Questo congedo dall’umano era cominciato trent’anni prima, quando Julien Huxley, al quale si attribuisce l’invenzione del termine «transumanismo», aveva concluso nel 1927 le sue riflessioni dicendo che «forse il transumanismo servirà: l’uomo rimarrà uomo, trascendendo però se stesso e realizzando così nuove possibilità per la sua propria natura umana». Il «trascendere» di Huxley ritorna in Anders, ma nelle ricerche successive l’ancoraggio sicuro nel rispetto della «natura umana» sembra svanire, comunque viene respinto sullo sfondo.
Nelle definizioni più recenti si parla di transumanismo o di postumano con riferimento alla «tecnologia che permette di superare i limiti della forma umana» o, più enfaticamente, al «movimento intellettuale e culturale che afferma la possibilità e la desiderabilità di migliorare in maniera sostanziale la condizione umana attraverso la ragione applicata, usando in particolare la tecnologia per eliminare l’invecchiamento ed esaltare al massimo le capacità intellettuali, fisiche e psicologiche». Postumano è inteso come «meglio dell’umano». Ma queste incondizionate aperture, di cui si vorrebbe l’immediata traduzione istituzionale in un «diritto alla tecnologia», rischiano proprio di eludere la questione pregiudiziale dell’uso umano degli esseri umani.
2. Non siamo privi di princìpi di riferimento, non abbiamo di fronte a noi una tabula rasa, quando affrontiamo oggi un tema così impegnativo, e comunque ineludibile. L’attenzione deve di nuovo essere rivolta al cruciale passaggio dell’ultimo dopoguerra, quando la riflessione sull’arma atomica venne accompagnata da quella, altrettanto sconvolgente, imposta dalla rivelazione dell’estremo uso inumano degli esseri umani avvenuto con la Shoà e con la sperimentazione medica di massa sulle persone, trasformate in cavie umane, come risultò dai processi a carico dei medici nazisti.

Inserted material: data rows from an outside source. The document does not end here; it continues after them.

theorem lemma4p2:
  fixes n :: nat and A :: "complex mat" and i :: nat and z :: complex
  assumes "regular_tournament_matrix n A" and "i < n"
  shows "poly (char_poly A) z =
    (1/2) * (z - (of_nat n - 1) / 2) *
      ((of_nat n + 2 * z + 1) * poly (char_poly (mat_delete A i i)) z
       + (of_nat n - 2 * z - 1) * poly (char_poly (mat_delete A i i)) (- z - 1))"
proof -
  have T: "tournament_matrix n A" and A: "A \<in> carrier_mat n n"
    using assms(1) unfolding regular_tournament_matrix_def tournament_matrix_def by auto
  define s where "s = z - (of_nat n - 1) / 2"
  define N where "N = z \<cdot>\<^sub>m 1\<^sub>m n - A"
  define B where "B = mat_delete A i i"
  have N: "N \<in> carrier_mat n n" using A unfolding N_def by (simp add: minus_carrier_mat)
  have rows: "(\<Sum>j<n. N $$ (l,j)) = s" if "l < n" for l
    unfolding N_def s_def row_sum_char_matrix[OF A that]
    using regular_tournament_out_degree[OF assms(1) that] by simp
  have cols: "(\<Sum>l<n. N $$ (l,j)) = s" if "j < n" for j
    unfolding N_def s_def col_sum_char_matrix[OF A that]
    using regular_tournament_in_degree[OF assms(1) that] by simp
  have delete_N: "mat_delete N i i = z \<cdot>\<^sub>m 1\<^sub>m (n - 1) - B"
    unfolding N_def B_def by (rule mat_delete_char_matrix[OF A assms(2)])
  have "poly (char_poly A) z = det N" unfolding N_def by (rule poly_char_poly[OF A])
  also have "\<dots> = s * ((of_nat n + s) * det (z \<cdot>\<^sub>m 1\<^sub>m (n - 1) - B)
      - s * det (z \<cdot>\<^sub>m 1\<^sub>m (n - 1) - B + ones_mat (n - 1)))"
    using det_const_line_sums[OF N assms(2) rows cols] unfolding delete_N .
  also have "\<dots> = s * ((of_nat n + s) * poly (char_poly B) z - s * poly (char_poly B) (- z - 1))"
    unfolding B_def
    using poly_char_poly[OF mat_delete_carrier[OF A], where z = z, symmetric]
      tournament_det_char_matrix_plus_ones[OF tournament_mat_delete[OF T assms(2)]
        regular_tournament_even_order[OF assms(1)]]
    by simp
  also have "\<dots> = (1/2) * s * ((of_nat n + 2 * z + 1) * poly (char_poly B) z
      + (of_nat n - 2 * z - 1) * poly (char_poly B) (- z - 1))"
    unfolding s_def by (simp add: field_simps)
  finally show ?thesis unfolding s_def B_def .
qed

end
text \<open>
  The proof is the PAC-Bayesian argument of Catoni and Giulini. For a direction \<open>y\<close>, the quantity
  \<open>Phi \<omega> y = \<Sum>\<^sub>i lam (y \<bullet> Y\<^sub>i) - n log_mgf_bound y\<close>, where \<open>log_mgf_bound y\<close> bounds the log-Laplace
  transform of \<open>lam (y \<bullet> Y)\<close>, has exponential moment at most 1 by independence. Averaging over a Gaussian
  perturbation of \<open>y\<close> and applying Markov's inequality once gives an event of probability at least
  \<open>1 - \<delta>\<close> on which, simultaneously for all unit vectors \<open>\<theta>\<close>, a change of measure to the Gaussian
  centred at \<open>\<mu> \<theta>\<close> bounds \<open>\<theta> \<bullet> (mhat - E Y)\<close>. A second-order Taylor bound (the functions \<open>g1\<close>, \<open>g2\<close>)
  turns the averaged exponential moment into variances, and the choice of \<open>lam\<close> and of the
  perturbation scale produces the two square-root terms. Finally the bias \<open>\<theta> \<bullet> (E Y - m)\<close> of the
  thresholding is controlled by the shrinkage factor \<open>1 - psi t / t \<le> psi_const p * t powr p\<close>, which gives the two infima.
\<close>

lemma one_sub_mult_exp_le_one: "(1 - t) * exp t \<le> 1" for t :: real
proof -
  have "(1 - t) * exp t \<le> exp (- t) * exp t"
    using exp_ge_add_one_self[of "- t"] by (intro mult_right_mono) auto
  then show ?thesis by (simp add: exp_minus_inverse mult.commute)
qed

lemma exp_sub_one_eq_g1: "exp t - 1 = t * g1 t"
  by (simp add: g1_def)

lemma g1_ge_1: "0 \<le> t \<Longrightarrow> 1 \<le> g1 t"
  using exp_ge_add_one_self[of t] by (auto simp: g1_def field_simps)

lemma g1_mono:
  assumes "0 \<le> s" "s \<le> S"
  shows "g1 s \<le> g1 S"
proof (cases "s = 0")
  case True
  then show ?thesis using g1_ge_1[of S] assms by (simp add: g1_def)
next
  case False
  with assms have "0 < s" by simp
  have "(\<lambda>t. (exp t - 1) / t) s \<le> (\<lambda>t. (exp t - 1) / t) S"
  proof (rule DERIV_nonneg_imp_nondecreasing[OF assms(2)])
    fix x assume "s \<le> x"
    with \<open>0 < s\<close> have "0 < x" by simp
    show "\<exists>y. ((\<lambda>t. (exp t - 1) / t) has_real_derivative y) (at x) \<and> 0 \<le> y"
      using \<open>0 < x\<close> one_sub_mult_exp_le_one[of x]
      by (intro exI[of _ "((x - 1) * exp x + 1) / x\<^sup>2"])
         (auto intro!: derivative_eq_intros simp: field_simps power2_eq_square)
  qed
  with \<open>0 < s\<close> assms show ?thesis by (simp add: g1_def)
qed

lemma exp_sub_one_le_g1:
  assumes "0 \<le> s" "s \<le> S"
  shows "exp s - 1 \<le> s * g1 S"
  unfolding exp_sub_one_eq_g1 using assms g1_mono by (simp add: mult_left_mono)

lemma exp_sub_one_sub_eq_g2: "exp t - 1 - t = t\<^sup>2 / 2 * g2 t"
  by (simp add: g2_def)

lemma g2_ge_1: "0 \<le> t \<Longrightarrow> 1 \<le> g2 t"
  using exp_lower_Taylor_quadratic[of t] by (auto simp: g2_def field_simps)

lemma exp_sub_one_sub_le_half_sq: "t \<le> 0 \<Longrightarrow> exp t - 1 - t \<le> t\<^sup>2 / 2" for t :: real
proof -
  assume "t \<le> 0"
  have "(\<lambda>t. t\<^sup>2 / 2 - exp t + 1 + t) 0 \<le> (\<lambda>t. t\<^sup>2 / 2 - exp t + 1 + t) t"
  proof (rule DERIV_nonpos_imp_nonincreasing[OF \<open>t \<le> 0\<close>])
    fix x :: real
    show "\<exists>y. ((\<lambda>t. t\<^sup>2 / 2 - exp t + 1 + t) has_real_derivative y) (at x) \<and> y \<le> 0"
      using exp_ge_add_one_self[of x]
      by (intro exI[of _ "x - exp x + 1"]) (auto intro!: derivative_eq_intros simp: algebra_simps)
  qed
  then show ?thesis by simp
qed

lemma g2_numerator_nonneg: "0 \<le> t \<Longrightarrow> 0 \<le> (t - 2) * exp t + t + 2" for t :: real
proof -
  assume "0 \<le> t"
  have "(\<lambda>t. (t - 2) * exp t + t + 2) 0 \<le> (\<lambda>t. (t - 2) * exp t + t + 2) t"
  proof (rule DERIV_nonneg_imp_nondecreasing[OF \<open>0 \<le> t\<close>])
    fix x :: real
    show "\<exists>y. ((\<lambda>t. (t - 2) * exp t + t + 2) has_real_derivative y) (at x) \<and> 0 \<le> y"
      using one_sub_mult_exp_le_one[of x]
      by (intro exI[of _ "(x - 1) * exp x + 1"]) (auto intro!: derivative_eq_intros simp: algebra_simps)
  qed
  then show ?thesis by simp
qed

lemma g2_mono:
  assumes "0 \<le> s" "s \<le> S"
  shows "g2 s \<le> g2 S"
proof (cases "s = 0")
  case True
  then show ?thesis using g2_ge_1[of S] assms by (simp add: g2_def)
next
  case False
  with assms have "0 < s" by simp
  have "(\<lambda>t. (exp t - 1 - t) / t\<^sup>2) s \<le> (\<lambda>t. (exp t - 1 - t) / t\<^sup>2) S"
  proof (rule DERIV_nonneg_imp_nondecreasing[OF assms(2)])
    fix x assume "s \<le> x"
    with \<open>0 < s\<close> have "0 < x" by simp
    show "\<exists>y. ((\<lambda>t. (exp t - 1 - t) / t\<^sup>2) has_real_derivative y) (at x) \<and> 0 \<le> y"
      using \<open>0 < x\<close> g2_numerator_nonneg[of x]
      by (intro exI[of _ "((x - 2) * exp x + x + 2) / x ^ 3"])
         (auto intro!: derivative_eq_intros simp: field_simps power2_eq_square power3_eq_cube)
  qed
  with \<open>0 < s\<close> assms show ?thesis by (simp add: g2_def field_simps)
qed

lemma exp_sub_one_sub_le_g2:
  assumes "t \<le> S" "0 \<le> S"
  shows "exp t - 1 - t \<le> t\<^sup>2 / 2 * g2 S"
proof (cases "t \<le> 0")
  case True
  then have "exp t - 1 - t \<le> t\<^sup>2 / 2" by (rule exp_sub_one_sub_le_half_sq)
  also have "\<dots> \<le> t\<^sup>2 / 2 * g2 S"
    using g2_ge_1[OF assms(2)] by (simp add: mult_le_cancel_left1)
  finally show ?thesis .
next
  case False
  then show ?thesis
    unfolding exp_sub_one_sub_eq_g2 using assms g2_mono[of t S] by (simp add: mult_left_mono)
qed

lemma exp_add_sub_one_le:
  assumes "t \<le> T" "0 \<le> T" "0 \<le> s" "s \<le> S"
  shows "exp (t + s) - 1 - t \<le> t\<^sup>2 / 2 * g2 T + exp T * (s * g1 S)"
proof -
  have "exp t * (exp s - 1) \<le> exp T * (s * g1 S)"
    using assms exp_sub_one_le_g1[of s S] by (intro mult_mono) auto
  moreover have "exp (t + s) - 1 - t = (exp t - 1 - t) + exp t * (exp s - 1)"
    by (simp add: exp_add algebra_simps)
  ultimately show ?thesis
    using exp_sub_one_sub_le_g2[OF assms(1,2)] by linarith
qed

lemma convex_comb_sq_le:
  fixes a x y :: real
  assumes "0 \<le> a" "a \<le> 1"
  shows "((1 - a) * x + a * y)\<^sup>2 \<le> x\<^sup>2 + a * y\<^sup>2"
proof -
  have "((1 - a) * x + a * y)\<^sup>2 = (1 - a) * x\<^sup>2 + a * y\<^sup>2 - a * (1 - a) * (x - y)\<^sup>2"
    by (simp add: power2_eq_square algebra_simps)
  moreover have "0 \<le> a * x\<^sup>2 + a * (1 - a) * (x - y)\<^sup>2"
    using assms by simp
  ultimately show ?thesis by (simp add: algebra_simps)
qed

lemma Bernoulli_inequality_powr:
  fixes y q :: real
  assumes "0 < y" "1 \<le> q"
  shows "1 + q * (y - 1) \<le> y powr q"
proof -
  have "(y powr q) powr (1 / q) * 1 powr (1 - 1 / q) \<le> (1 / q) * y powr q + (1 - 1 / q) * 1"
    using assms by (intro Youngs_inequality_0) auto
  then have "y \<le> (1 / q) * y powr q + (1 - 1 / q)"
    using assms by (simp add: powr_powr)
  then have "q * (1 + q * (y - 1)) \<le> q * y powr q"
    using assms by (simp add: field_simps)
  then show ?thesis using assms by simp
qed

definition psi_const :: "real \<Rightarrow> real" where
  "psi_const p = 1 / (p + 1) * (p / (p + 1)) powr p"

lemma psi_const_nonneg: "0 < p \<Longrightarrow> 0 \<le> psi_const p"
  by (simp add: psi_const_def)

lemma one_sub_psi_div_le:
  fixes p t :: real
  assumes "0 < p" "0 < t"
  shows "1 - psi t / t \<le> psi_const p * t powr p"
proof (cases "t \<le> 1")
  case True
  then show ?thesis using assms by (simp add: psi_def psi_const_def)
next
  case False
  \<comment> \<open>Bernoulli at the point where the bound is tight, \<open>y = t p / (p + 1)\<close>.\<close>
  define y where "y = p / (p + 1) * t"
  have "p * (t - 1) = 1 + (p + 1) * (y - 1)"
    using assms by (simp add: y_def field_simps)
  also have "\<dots> \<le> y powr (p + 1)"
    using assms by (intro Bernoulli_inequality_powr) (auto simp: y_def)
  also have "\<dots> = (p / (p + 1)) powr (p + 1) * t powr (p + 1)"
    unfolding y_def using assms by (intro powr_mult)
  also have "\<dots> = p * (psi_const p * t powr p * t)"
    using assms by (simp add: powr_add psi_const_def field_simps)
  finally have "p * (t - 1) \<le> p * (psi_const p * t powr p * t)" .
  then have "t - 1 \<le> psi_const p * t powr p * t"
    using assms by simp
  then show ?thesis using False assms by (simp add: psi_def field_simps)
qed

section \<open>Isotropic Gaussian measures\<close>

definition gauss_weight :: "real \<Rightarrow> 'd::euclidean_space \<Rightarrow> real" where
  "gauss_weight \<beta> x = exp (- \<beta> * (norm x)\<^sup>2 / 2)"

lemma gauss_weight_pos: "0 < gauss_weight \<beta> x"
  by (simp add: gauss_weight_def)

lemma gauss_weight_uminus [simp]: "gauss_weight \<beta> (- x) = gauss_weight \<beta> x"
  by (simp add: gauss_weight_def)

lemma borel_measurable_gauss_weight [measurable]: "gauss_weight \<beta> \<in> borel_measurable borel"
  unfolding gauss_weight_def[abs_def] by measurable

lemma gauss_weight_add:
  "gauss_weight \<beta> (c + x) = gauss_weight \<beta> x * exp (- \<beta> * (c \<bullet> x) - \<beta> * (norm c)\<^sup>2 / 2)"
proof -
  have "(norm (c + x))\<^sup>2 = (norm c)\<^sup>2 + 2 * (c \<bullet> x) + (norm x)\<^sup>2"
    by (simp add: power2_norm_eq_inner inner_simps inner_commute)
  then show ?thesis unfolding gauss_weight_def by (simp add: exp_add[symmetric] field_simps)
qed
lemma remove_vertex_fgraphs:
  assumes "f \<in> fgraphs V d" "v \<in> V" "{u \<in> V. f u = v} = {x}"
  shows "remove_vertex V v f \<in> fgraphs (V - {v}) d"
proof -
  let ?g = "remove_vertex V v f"
  have "f \<in> V \<rightarrow>\<^sub>E V" using assms(1) by (simp add: fgraphs_def)
  from insert_remove_vertex[OF this assms(2,3)]
  have g: "?g \<in> V - {v} \<rightarrow>\<^sub>E V - {v}" and f: "insert_vertex v ?g x = f" by blast+
  have "x \<in> V" using assms(3) by blast
  have "card {u \<in> V - {v}. ?g u = y} = card {u \<in> V. f u = y}" if "y \<in> V - {v}" for y
    using card_insert_vertex_fibre_old[of ?g V v x y] g f \<open>x \<in> V\<close> assms(2) that
    by (simp add: PiE_def)
  then show ?thesis
    using g assms(1) by (simp add: fgraphs_def)
qed

lemma bij_betw_insert_vertex:
  assumes "v \<in> V" "d v = 1"
  shows "bij_betw (\<lambda>(g, x). insert_vertex v g x) (fgraphs (V - {v}) d \<times> V) (fgraphs V d)"
proof (rule bij_betw_imageI)
  show "inj_on (\<lambda>(g, x). insert_vertex v g x) (fgraphs (V - {v}) d \<times> V)"
  proof (rule inj_onI, clarify)
    fix g x g' x'
    assume g: "g \<in> fgraphs (V - {v}) d" "g' \<in> fgraphs (V - {v}) d"
      and x: "x \<in> V" "x' \<in> V" and eq: "insert_vertex v g x = insert_vertex v g' x'"
    have gE: "g \<in> V - {v} \<rightarrow>\<^sub>E V - {v}" and g'E: "g' \<in> V - {v} \<rightarrow>\<^sub>E V - {v}"
      using g by (simp_all add: fgraphs_def)
    then have "{x} = {x'}"
      using insert_vertex_fibre_new[of g V v x] insert_vertex_fibre_new[of g' V v x'] x eq
      by (simp add: PiE_def)
    moreover have "g = g'"
      using remove_insert_vertex[OF gE, of x] remove_insert_vertex[OF g'E, of x'] eq by simp
    ultimately show "g = g' \<and> x = x'" by simp
  qed
  show "(\<lambda>(g, x). insert_vertex v g x) ` (fgraphs (V - {v}) d \<times> V) = fgraphs V d"
  proof
    show "(\<lambda>(g, x). insert_vertex v g x) ` (fgraphs (V - {v}) d \<times> V) \<subseteq> fgraphs V d"
      using assms insert_vertex_fgraphs by fastforce
    show "fgraphs V d \<subseteq> (\<lambda>(g, x). insert_vertex v g x) ` (fgraphs (V - {v}) d \<times> V)"
    proof
      fix f assume f: "f \<in> fgraphs V d"
      then have "card {u \<in> V. f u = v} = 1"
        using assms by (simp add: fgraphs_def)
      then obtain x where x: "{u \<in> V. f u = v} = {x}"
        by (rule card_1_singletonE)
      have "f \<in> V \<rightarrow>\<^sub>E V" using f by (simp add: fgraphs_def)
      then have "f = insert_vertex v (remove_vertex V v f) x"
        using insert_remove_vertex(2)[OF _ assms(1) x] by simp
      moreover have "remove_vertex V v f \<in> fgraphs (V - {v}) d" "x \<in> V"
        using remove_vertex_fgraphs[OF f assms(1) x] x by blast+
      ultimately show "f \<in> (\<lambda>(g, x). insert_vertex v g x) ` (fgraphs (V - {v}) d \<times> V)"
        by force
    qed
  qed
qed
(* Let $G$ be a non-amenable group and $m\in\mathbb{N}$. (i) If every $m$-generated subgroup of $G$ is amenable, then $\mathcal{T}(G)\geq m+3$. (ii) If every $m$-generated subgroup of $G$ is finite, then $\mathcal{T}(G)\geq 2m+4$.
   Context: A group $G$ admits a paradoxical decomposition if there exist positive integers $m,n$, pairwise disjoint subsets $P_1,\ldots,P_m,Q_1,\ldots,Q_n$ of $G$ and elements $g_1,\ldots,g_m,h_1,\ldots,h_n\in G$ with $G=\bigcup_iP_ig_i=\bigcup_jQ_jh_j$; this happens iff $G$ is non-amenable. The Tarski number $\mathcal{T}(G)$ is the minimal value of $m+n$. *)

theory Defs
  imports "HOL-Algebra.Algebra" "HOL-Library.Extended_Nat"
begin

definition amenable :: "('a, 'b) monoid_scheme \<Rightarrow> bool" where
  "amenable G \<longleftrightarrow> (\<exists>\<mu> :: 'a set \<Rightarrow> real.
      (\<forall>A. A \<subseteq> carrier G \<longrightarrow> \<mu> A \<ge> 0)
    \<and> \<mu> (carrier G) = 1
    \<and> (\<forall>A B. A \<subseteq> carrier G \<longrightarrow> B \<subseteq> carrier G \<longrightarrow> A \<inter> B = {}
           \<longrightarrow> \<mu> (A \<union> B) = \<mu> A + \<mu> B)
    \<and> (\<forall>g A. g \<in> carrier G \<longrightarrow> A \<subseteq> carrier G \<longrightarrow> \<mu> (l_coset G g A) = \<mu> A))"

definition paradoxical_decomposition :: "('a, 'b) monoid_scheme \<Rightarrow> nat \<Rightarrow> nat \<Rightarrow> bool" where
  "paradoxical_decomposition G m n \<longleftrightarrow> m \<ge> 1 \<and> n \<ge> 1 \<and>
    (\<exists>(P :: nat \<Rightarrow> 'a set) (Q :: nat \<Rightarrow> 'a set) (g :: nat \<Rightarrow> 'a) (h :: nat \<Rightarrow> 'a).
        (\<forall>i<m. P i \<subseteq> carrier G \<and> g i \<in> carrier G)
      \<and> (\<forall>j<n. Q j \<subseteq> carrier G \<and> h j \<in> carrier G)
      \<and> (\<forall>i<m. \<forall>i'<m. i \<noteq> i' \<longrightarrow> P i \<inter> P i' = {})
      \<and> (\<forall>j<n. \<forall>j'<n. j \<noteq> j' \<longrightarrow> Q j \<inter> Q j' = {})
      \<and> (\<forall>i<m. \<forall>j<n. P i \<inter> Q j = {})
      \<and> carrier G = (\<Union>i<m. r_coset G (P i) (g i))
      \<and> carrier G = (\<Union>j<n. r_coset G (Q j) (h j)))"
lemma delete2_Suc_Suc_Cons: "delete2 (Suc i) (Suc j) (x # L) = x # delete2 i j L"
  unfolding delete2_def using map_nth_filter_Cons[of x L "\<lambda>p. p \<noteq> Suc i \<and> p \<noteq> Suc j"]
  by simp

lemma delete1_0_Cons: "delete1 0 (y # M) = M"
  unfolding delete1_def using map_nth_filter_Cons[of y M "\<lambda>p. p \<noteq> 0"]
  by (simp add: map_nth)

lemma delete1_Suc_Cons: "delete1 (Suc j) (y # M) = y # delete1 j M"
  unfolding delete1_def using map_nth_filter_Cons[of y M "\<lambda>p. p \<noteq> Suc j"]
  by simp

lemma ext_d_row_eq_sum:
  "ext_d_row c \<omega> R x L = (\<Sum>j<length L. (-1) ^ j * contract_bracket c \<omega> x (L ! j) (R @ delete1 j L))"
proof (induct L arbitrary: R)
  case Nil then show ?case by simp
next
  case (Cons y M)
  show ?case
    by (simp add: sum.lessThan_Suc_shift Cons delete1_0_Cons delete1_Suc_Cons sum_negf
        del: sum.lessThan_Suc)
qed

lemma ext_d_prefixed_eq_sum:
  "ext_d_prefixed c \<omega> R L = (\<Sum>i<length L. \<Sum>j<length L.
      if i < j then (-1) ^ (i + j) * contract_bracket c \<omega> (L ! i) (L ! j) (R @ delete2 i j L) else 0)"
proof (induct L arbitrary: R)
  case Nil then show ?case by simp
next
  case (Cons x L)
  have first_row: "(\<Sum>j<Suc (length L). if 0 < j then (-1) ^ j * contract_bracket c \<omega> ((x # L) ! 0)
        ((x # L) ! j) (R @ delete2 0 j (x # L)) else 0) = - ext_d_row c \<omega> R x L"
    by (simp add: sum.lessThan_Suc_shift ext_d_row_eq_sum delete2_0_Suc_Cons sum_negf
        del: sum.lessThan_Suc)
  have other_rows: "(\<Sum>i<length L. \<Sum>j<Suc (length L). if Suc i < j then (-1) ^ (Suc i + j) *
        contract_bracket c \<omega> ((x # L) ! Suc i) ((x # L) ! j) (R @ delete2 (Suc i) j (x # L)) else 0)
        = ext_d_prefixed c \<omega> (R @ [x]) L"
    by (simp add: sum.lessThan_Suc_shift Cons delete2_Suc_Suc_Cons del: sum.lessThan_Suc cong: if_cong)
  show ?case
    apply (simp only: length_Cons sum.lessThan_Suc_shift[of "\<lambda>i. \<Sum>j<Suc (length L). _ i j"])
    using first_row other_rows by (simp del: sum.lessThan_Suc)
qed

lemma ext_d_eq_prefixed: "ext_d c \<omega> L = ext_d_prefixed c \<omega> [] L"
  by (simp add: ext_d_def ext_d_prefixed_eq_sum contract_bracket_def cong: if_cong)

definition antisym_sc :: "structconst \<Rightarrow> bool" where
  "antisym_sc c \<longleftrightarrow> (\<forall>a b m. c a b m = - c b a m)"

context
  fixes c :: structconst and \<omega> :: form
  assumes alt: "alternating \<omega>" and antisym: "antisym_sc c"
begin

lemma contract_bracket_swap_prefix:
  assumes "Suc q < length R"
  shows "contract_bracket c \<omega> x y (swap_adj q R) = - contract_bracket c \<omega> x y R"
proof -
  have "\<omega> (m # swap_adj q R) = - \<omega> (m # R)" for m
    using alt assms swap_adj_Suc_Cons[of q m R] unfolding alternating_def
    by (metis Suc_less_eq length_Cons)
  then show ?thesis unfolding contract_bracket_def by (simp add: sum_negf)
qed

lemma contract_bracket_commute: "contract_bracket c \<omega> y x R = - contract_bracket c \<omega> x y R"
proof -
  have "c y x m = - c x y m" for m using antisym unfolding antisym_sc_def by blast
  then show ?thesis unfolding contract_bracket_def by (simp add: sum_negf)
qed

lemma ext_d_row_swap_prefix:
  "Suc q < length R \<Longrightarrow> ext_d_row c \<omega> (swap_adj q R) x L = - ext_d_row c \<omega> R x L"
proof (induct L arbitrary: R)
  case Nil then show ?case by simp
next
  case (Cons y M)
  have "swap_adj q R @ M = swap_adj q (R @ M)" "swap_adj q R @ [y] = swap_adj q (R @ [y])"
    using Cons(2) by (simp_all add: swap_adj_append_right)
  moreover have "contract_bracket c \<omega> x y (swap_adj q (R @ M)) = - contract_bracket c \<omega> x y (R @ M)"
    using Cons(2) by (intro contract_bracket_swap_prefix) simp
  moreover have "ext_d_row c \<omega> (swap_adj q (R @ [y])) x M = - ext_d_row c \<omega> (R @ [y]) x M"
    using Cons by simp
  ultimately show ?case by simp
qed

lemma ext_d_prefixed_swap_prefix:
  "Suc q < length R \<Longrightarrow> ext_d_prefixed c \<omega> (swap_adj q R) L = - ext_d_prefixed c \<omega> R L"
proof (induct L arbitrary: R)
  case Nil then show ?case by simp
next
  case (Cons x L)
  have "swap_adj q R @ [x] = swap_adj q (R @ [x])" using Cons(2) by (simp add: swap_adj_append_right)
  moreover have "ext_d_prefixed c \<omega> (swap_adj q (R @ [x])) L = - ext_d_prefixed c \<omega> (R @ [x]) L"
    using Cons by simp
  ultimately show ?case using ext_d_row_swap_prefix[OF Cons(2)] by simp
qed
lemma osc_left_strict_antimono:
  assumes "0 < \<alpha>" "0 < \<delta>" "0 < l"
  shows "strict_antimono_on {..pi} (osc_left \<alpha> l \<delta>)"
proof (rule monotone_onI)
  fix a b assume "a \<in> {..pi}" "b \<in> {..pi}" "a < b"
  then have "0 < 1 - c_alpha \<alpha> * b" "c_alpha \<alpha> * a < c_alpha \<alpha> * b"
    using c_alpha_mult_less_1[of \<alpha> b] c_alpha_pos[of \<alpha>] assms by simp_all
  then have "0 < l * (1 - c_alpha \<alpha> * b)" "l * (1 - c_alpha \<alpha> * b) < l * (1 - c_alpha \<alpha> * a)"
    using assms(3) by simp_all
  moreover have "0 \<le> \<delta> * pi"
    using assms(2) by simp
  ultimately show "osc_left \<alpha> l \<delta> b < osc_left \<alpha> l \<delta> a"
    unfolding osc_left_def using assms(2)
    by (intro divide_strict_right_mono power_strict_mono) auto
qed

lemma a_zero_le_a_switch:
  assumes "0 < \<alpha>" "0 < l" "l \<le> pi" "0 \<le> \<delta>"
  shows "a_zero \<alpha> l \<delta> \<le> a_switch \<alpha> l \<delta>"
proof -
  define A where "A = 1 + \<alpha> * pi"
  define c where "c = c_alpha \<alpha>"
  have A: "1 \<le> A"
    using assms unfolding A_def by simp
  then have cA: "c * A = \<alpha>"
    unfolding c_def c_alpha_def A_def by simp
  have c: "0 < c" "c * l < 1"
    using c_alpha_pos c_alpha_mult_less_1 assms unfolding c_def by auto
  have "A * osc_inside_curv \<alpha> l \<delta> = A * \<delta> + (c * A) * l * (2 - c * l)"
    by (simp add: osc_inside_curv_def c_def[symmetric] power2_eq_square algebra_simps)
  also have "\<dots> = A * \<delta> + \<alpha> * l * (2 - c * l)"
    unfolding cA ..
  finally have "A * osc_inside_curv \<alpha> l \<delta> = A * \<delta> + \<alpha> * l * (2 - c * l)" .
  moreover have "c * l \<le> \<alpha> * l * (2 - c * l)"
  proof -
    have "c * 1 \<le> c * A"
      using A c by (intro mult_left_mono) auto
    then have "c * l \<le> \<alpha> * l"
      using assms(2) cA by (intro mult_right_mono) auto
    also have "\<dots> \<le> \<alpha> * l * (2 - c * l)"
      using assms c mult_left_mono[of 1 "2 - c * l" "\<alpha> * l"] by simp
    finally show ?thesis .
  qed
  moreover have "\<delta> \<le> A * \<delta>"
    using A assms by (simp add: mult_le_cancel_right1)
  ultimately have "c * l + \<delta> \<le> A * osc_inside_curv \<alpha> l \<delta>"
    by linarith
  moreover have "0 < c * l + \<delta>"
    using c assms by (simp add: add_pos_nonneg)
  ultimately have "l * (1 + \<delta>) / (A * osc_inside_curv \<alpha> l \<delta>) \<le> l * (1 + \<delta>) / (c * l + \<delta>)"
    using assms by (intro divide_left_mono) auto
  then show ?thesis
    by (simp add: a_zero_def a_switch_def A_def c_def osc_inside_curv_def mult.commute)
qed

Dagli atti di quei processi Marco Paolini ha tratto uno straordinario spettacolo, intitolato Ausmerzen, parola che descrive la pratica di abbattere i capi più deboli in occasione della transumanza delle greggi. Una pratica codificata in particolare dal decreto firmato da Adolf Hitler il 7 dicembre 1941, che prevedeva che ebrei, rom, omosessuali, dissidenti politici catturati nei paesi occupati dalle truppe naziste sarebbero stati trasferiti in Germania, e lì sarebbero scomparsi «nella notte e nella nebbia». Qui viene sinistramente evocato l’Oro del Reno di Richard Wagner, quando Alberich indossa l’elmo magico, si trasforma in colonna di fumo e scompare cantando «Notte e nebbia, non c’è più nessuno». Ma ciò che scompare sono gli esseri umani, non più persone ma oggetti, disponibili per il potere politico e il potere medico.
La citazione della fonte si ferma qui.